:: Material supplied ::
lemma is_distfun_pointmass: "is_distfun (pointmass m)"
  unfolding is_distfun_def
proof (intro conjI allI)
  show "mono (pointmass m)" unfolding mono_def pointmass_def by auto
  fix x
  have "eventually (\<lambda>y. pointmass m y = pointmass m x) (at_right x)"
    unfolding eventually_at_right_field
    by (rule exI[of _ "if m \<le> x then x + 1 else m"]) (auto simp: pointmass_def)
  then show "continuous (at_right x) (pointmass m)"
    unfolding continuous_within by (rule tendsto_eventually)
next
  show "(pointmass m \<longlongrightarrow> 0) at_bot"
    by (rule tendsto_eventually, use eventually_le_at_bot[of "m - 1"] in \<open>rule eventually_mono\<close>)
       (simp add: pointmass_def)
  show "(pointmass m \<longlongrightarrow> 1) at_top"
    by (rule tendsto_eventually, use eventually_ge_at_top[of m] in \<open>rule eventually_mono\<close>)
       (simp add: pointmass_def)
qed

lemma is_distfun_mixture:
  assumes F: "is_distfun F" and H: "is_distfun H" and d: "0 \<le> d" "d \<le> 1"
  shows "is_distfun (\<lambda>x. (1 - d) * F x + d * H x)"
  unfolding is_distfun_def
proof (intro conjI allI)
  show "mono (\<lambda>x. (1 - d) * F x + d * H x)"
    using distfun_mono[OF F] distfun_mono[OF H] d
    by (auto simp: mono_def intro!: add_mono mult_left_mono)
  fix x
  show "continuous (at_right x) (\<lambda>x. (1 - d) * F x + d * H x)"
    using F H unfolding is_distfun_def by (intro continuous_intros) auto
next
  show "((\<lambda>x. (1 - d) * F x + d * H x) \<longlongrightarrow> 0) at_bot"
    using tendsto_add[OF tendsto_mult_right[of F 0 at_bot "1 - d"] tendsto_mult_right[of H 0 at_bot d]]
      F H unfolding is_distfun_def by (simp add: mult.commute)
  show "((\<lambda>x. (1 - d) * F x + d * H x) \<longlongrightarrow> 1) at_top"
    using tendsto_add[OF tendsto_mult_right[of F 1 at_top "1 - d"] tendsto_mult_right[of H 1 at_top d]]
      F H unfolding is_distfun_def by (simp add: mult.commute)
qed

lemma quantile_mixture_pointmass:
  assumes F: "is_distfun F" and P: "0 < P" "P < 1" and d: "0 \<le> d" "d < 1"
    and m: "quantile F P < m"
  shows "quantile (\<lambda>x. (1 - d) * F x + d * pointmass m x) ((1 - d) * P) = quantile F P"
proof (unfold quantile_def[of "\<lambda>x. (1 - d) * F x + d * pointmass m x"], rule cInf_eq_minimum)
  show "quantile F P \<in> {x. (1 - d) * P \<le> (1 - d) * F x + d * pointmass m x}"
    using distfun_quantile_ge[OF F P] m d by (simp add: pointmass_def)
next
  fix x assume "x \<in> {x. (1 - d) * P \<le> (1 - d) * F x + d * pointmass m x}"
  then have "m \<le> x \<or> P \<le> F x"
    using d by (auto simp: pointmass_def split: if_splits)
  then show "quantile F P \<le> x"
    using m quantile_le[OF F P(1)] by force
qed

lemma contamination_levels:
  fixes \<epsilon> \<delta> :: real
  assumes "0 \<le> \<epsilon>" "0 \<le> \<delta>" "\<delta> < (1 - \<epsilon>) / 2"
  shows "0 < (1 - \<epsilon>) / (2 * (1 - \<delta>))"
    and "(1 - \<epsilon>) / (2 * (1 - \<delta>)) \<le> (1 + \<epsilon>) / (2 * (1 - \<delta>))"
    and "(1 + \<epsilon>) / (2 * (1 - \<delta>)) < 1"
    and "(1 - \<delta>) * ((1 - \<epsilon>) / (2 * (1 - \<delta>))) = (1 - \<epsilon>) / 2"
    and "(1 - \<delta>) * ((1 + \<epsilon>) / (2 * (1 - \<delta>))) = (1 + \<epsilon>) / 2"
proof -
  have "\<delta> < 1" using assms by simp
  then show "(1 - \<delta>) * ((1 - \<epsilon>) / (2 * (1 - \<delta>))) = (1 - \<epsilon>) / 2"
    and "(1 - \<delta>) * ((1 + \<epsilon>) / (2 * (1 - \<delta>))) = (1 + \<epsilon>) / 2"
    by (simp_all add: field_simps)
qed (use assms in \<open>auto simp: divide_right_mono pos_divide_less_eq\<close>)

lemma pointmass_contaminated_spread:
  assumes F: "is_distfun F" and eps: "0 \<le> \<epsilon>" and del: "0 \<le> \<delta>" "\<delta> < (1 - \<epsilon>) / 2"
    and m: "quantile F ((1 + \<epsilon>) / (2 * (1 - \<delta>))) < m"
  shows "(let G = (\<lambda>x. (1 - \<delta>) * F x + \<delta> * pointmass m x)
          in quantile G ((1 + \<epsilon>) / 2) - quantile G ((1 - \<epsilon>) / 2))
    = quantile F ((1 + \<epsilon>) / (2 * (1 - \<delta>))) - quantile F ((1 - \<epsilon>) / (2 * (1 - \<delta>)))"
proof -
  define P1 P2 where "P1 = (1 - \<epsilon>) / (2 * (1 - \<delta>))" and "P2 = (1 + \<epsilon>) / (2 * (1 - \<delta>))"
  have d: "0 \<le> \<delta>" "\<delta> < 1" using del eps by simp_all
  have P: "0 < P1" "P1 \<le> P2" "P2 < 1"
    and p: "(1 - \<delta>) * P1 = (1 - \<epsilon>) / 2" "(1 - \<delta>) * P2 = (1 + \<epsilon>) / 2"
    using contamination_levels[OF eps del] by (simp_all add: P1_def P2_def)
  have q: "quantile (\<lambda>x. (1 - \<delta>) * F x + \<delta> * pointmass m x) ((1 - \<delta>) * P) = quantile F P"
    if "0 < P" "P \<le> P2" for P
  proof (rule quantile_mixture_pointmass[OF F that(1) _ d])
    show "P < 1" using that P by linarith
    show "quantile F P < m" using quantile_mono[OF F that P(3)] m by (simp add: P2_def)
  qed
  show ?thesis
    unfolding Let_def P1_def[symmetric] P2_def[symmetric] p[symmetric]
    using q[of P1] q[of P2] P by simp
qed

locale symmetric_unimodal_distfun =
  fixes F f :: "real \<Rightarrow> real" and \<theta> :: real
  assumes F_distfun: "is_distfun F"
    and F_cont: "continuous_on UNIV F"
    and f_density: "\<And>x. (f has_integral F x) {..x}"
    and f_symm: "\<And>x. f (\<theta> + x) = f (\<theta> - x)"
    and f_antimono: "antimono_on {\<theta>..} f"
begin

lemmas F_mono = distfun_mono[OF F_distfun]

lemma F_at_bot: "(F \<longlongrightarrow> 0) at_bot" and F_at_top: "(F \<longlongrightarrow> 1) at_top"
  using F_distfun by (simp_all add: is_distfun_def)

lemma f_le_closer_to_centre:
  assumes "\<bar>v - \<theta>\<bar> \<le> \<bar>u - \<theta>\<bar>" shows "f u \<le> f v"
proof -
  have reflect: "f x = f (\<theta> + \<bar>x - \<theta>\<bar>)" for x
    using f_symm[of "\<theta> - x"] by (cases "\<theta> \<le> x") auto
  have "f (\<theta> + \<bar>u - \<theta>\<bar>) \<le> f (\<theta> + \<bar>v - \<theta>\<bar>)"
    using f_antimono assms unfolding monotone_on_def by auto
  then show ?thesis using reflect[of u] reflect[of v] by simp
qed

lemma has_integral_density:
  assumes "a \<le> b" shows "(f has_integral (F b - F a)) {a..b}"
proof -
  have "f integrable_on cbox a b"
    using f_density by (rule integrable_on_subcbox[OF has_integral_integrable]) auto
  then have i: "(f has_integral integral {a..b} f) {a..b}" by (simp add: has_integral_integral)
  have "(f has_integral (F a + integral {a..b} f)) ({..a} \<union> {a..b})"
    by (rule has_integral_Un[OF f_density i]) (rule negligible_subset[OF negligible_sing[of a]], auto)
  moreover have "{..a} \<union> {a..b} = {..b}" using assms by auto
  ultimately have "F b = F a + integral {a..b} f"
    using f_density[of b] has_integral_unique by metis
  then show ?thesis using i by simp
qed

lemma window_mass_mono_left:
  assumes "t1 \<le> t2" "t2 + h / 2 \<le> \<theta>" "0 \<le> h"
  shows "F (t1 + h) - F t1 \<le> F (t2 + h) - F t2"
proof -
  have "(f has_integral (F (t2 + h) - F (t1 + h))) {t1 + h..t2 + h}"
    using has_integral_density assms by simp
  from has_integral_shift_real_ivl[OF this, of h]
  have "((\<lambda>x. f (x + h)) has_integral (F (t2 + h) - F (t1 + h))) {t1..t2}" by simp
  then have "F t2 - F t1 \<le> F (t2 + h) - F (t1 + h)"
    by (rule has_integral_le[OF has_integral_density[OF assms(1)]])
       (use assms in \<open>auto intro: f_le_closer_to_centre\<close>)
  then show ?thesis by simp
qed

lemma window_mass_antimono_right:
  assumes "t1 \<le> t2" "\<theta> \<le> t1 + h / 2" "0 \<le> h"
  shows "F (t2 + h) - F t2 \<le> F (t1 + h) - F t1"
proof -
  have "(f has_integral (F (t2 + h) - F (t1 + h))) {t1 + h..t2 + h}"
    using has_integral_density assms by simp
  from has_integral_shift_real_ivl[OF this, of h]
  have "((\<lambda>x. f (x + h)) has_integral (F (t2 + h) - F (t1 + h))) {t1..t2}" by simp
  then have "F (t2 + h) - F (t1 + h) \<le> F t2 - F t1"
    by (rule has_integral_le[OF _ has_integral_density[OF assms(1)]])
       (use assms in \<open>auto intro: f_le_closer_to_centre\<close>)
  then show ?thesis by simp
qed

lemma F_reflect: "F (2 * \<theta> - x) = 1 - F x"
proof -
  have mirror: "F y - F x + F (2 * \<theta> - y) = F (2 * \<theta> - x)" if "x \<le> y" for y
  proof -
    have reflected: "((\<lambda>s. f (- s)) has_integral (F y - F x)) {-y..-x}"
      using has_integral_density[OF that] by simp
    have "f (- (s + - (2 * \<theta>))) = f s" for s
      using f_symm[of "\<theta> - s"] by (simp add: algebra_simps)
    then have "(f has_integral (F y - F x)) {2 * \<theta> - y..2 * \<theta> - x}"
      using has_integral_shift_real_ivl[OF reflected, of "- (2 * \<theta>)"] by simp
    moreover have "(f has_integral (F (2 * \<theta> - x) - F (2 * \<theta> - y))) {2 * \<theta> - y..2 * \<theta> - x}"
      using has_integral_density[of "2 * \<theta> - y" "2 * \<theta> - x"] that by simp
    ultimately have "F y - F x = F (2 * \<theta> - x) - F (2 * \<theta> - y)"
      by (rule has_integral_unique)
    then show ?thesis by simp
  qed
  have "((\<lambda>y. F (2 * \<theta> - y)) \<longlongrightarrow> 0) at_top"
    by (rule filterlim_compose[OF F_at_bot filterlim_const_minus_at_bot[OF filterlim_ident]])
  then have "((\<lambda>y. F y - F x + F (2 * \<theta> - y)) \<longlongrightarrow> 1 - F x + 0) at_top"
    by (intro tendsto_add tendsto_diff F_at_top tendsto_const)
  moreover have "eventually (\<lambda>y. F y - F x + F (2 * \<theta> - y) = F (2 * \<theta> - x)) at_top"
    using eventually_ge_at_top[of x] by (rule eventually_mono) (rule mirror)
  then have "((\<lambda>y. F y - F x + F (2 * \<theta> - y)) \<longlongrightarrow> F (2 * \<theta> - x)) at_top"
    by (rule tendsto_eventually)
  ultimately show ?thesis using tendsto_unique[OF trivial_limit_at_top_linorder] by force
qed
:::
- The problem -
Take the lines from the start of the records through the line holding "m \<longlongrightarrow> 0)", both included, and please print them exactly, with nothing else.

- Problem solution -
lemma is_distfun_pointmass: "is_distfun (pointmass m)"
  unfolding is_distfun_def
proof (intro conjI allI)
  show "mono (pointmass m)" unfolding mono_def pointmass_def by auto
  fix x
  have "eventually (\<lambda>y. pointmass m y = pointmass m x) (at_right x)"
    unfolding eventually_at_right_field
    by (rule exI[of _ "if m \<le> x then x + 1 else m"]) (auto simp: pointmass_def)
  then show "continuous (at_right x) (pointmass m)"
    unfolding continuous_within by (rule tendsto_eventually)
next
  show "(pointmass m \<longlongrightarrow> 0) at_bot"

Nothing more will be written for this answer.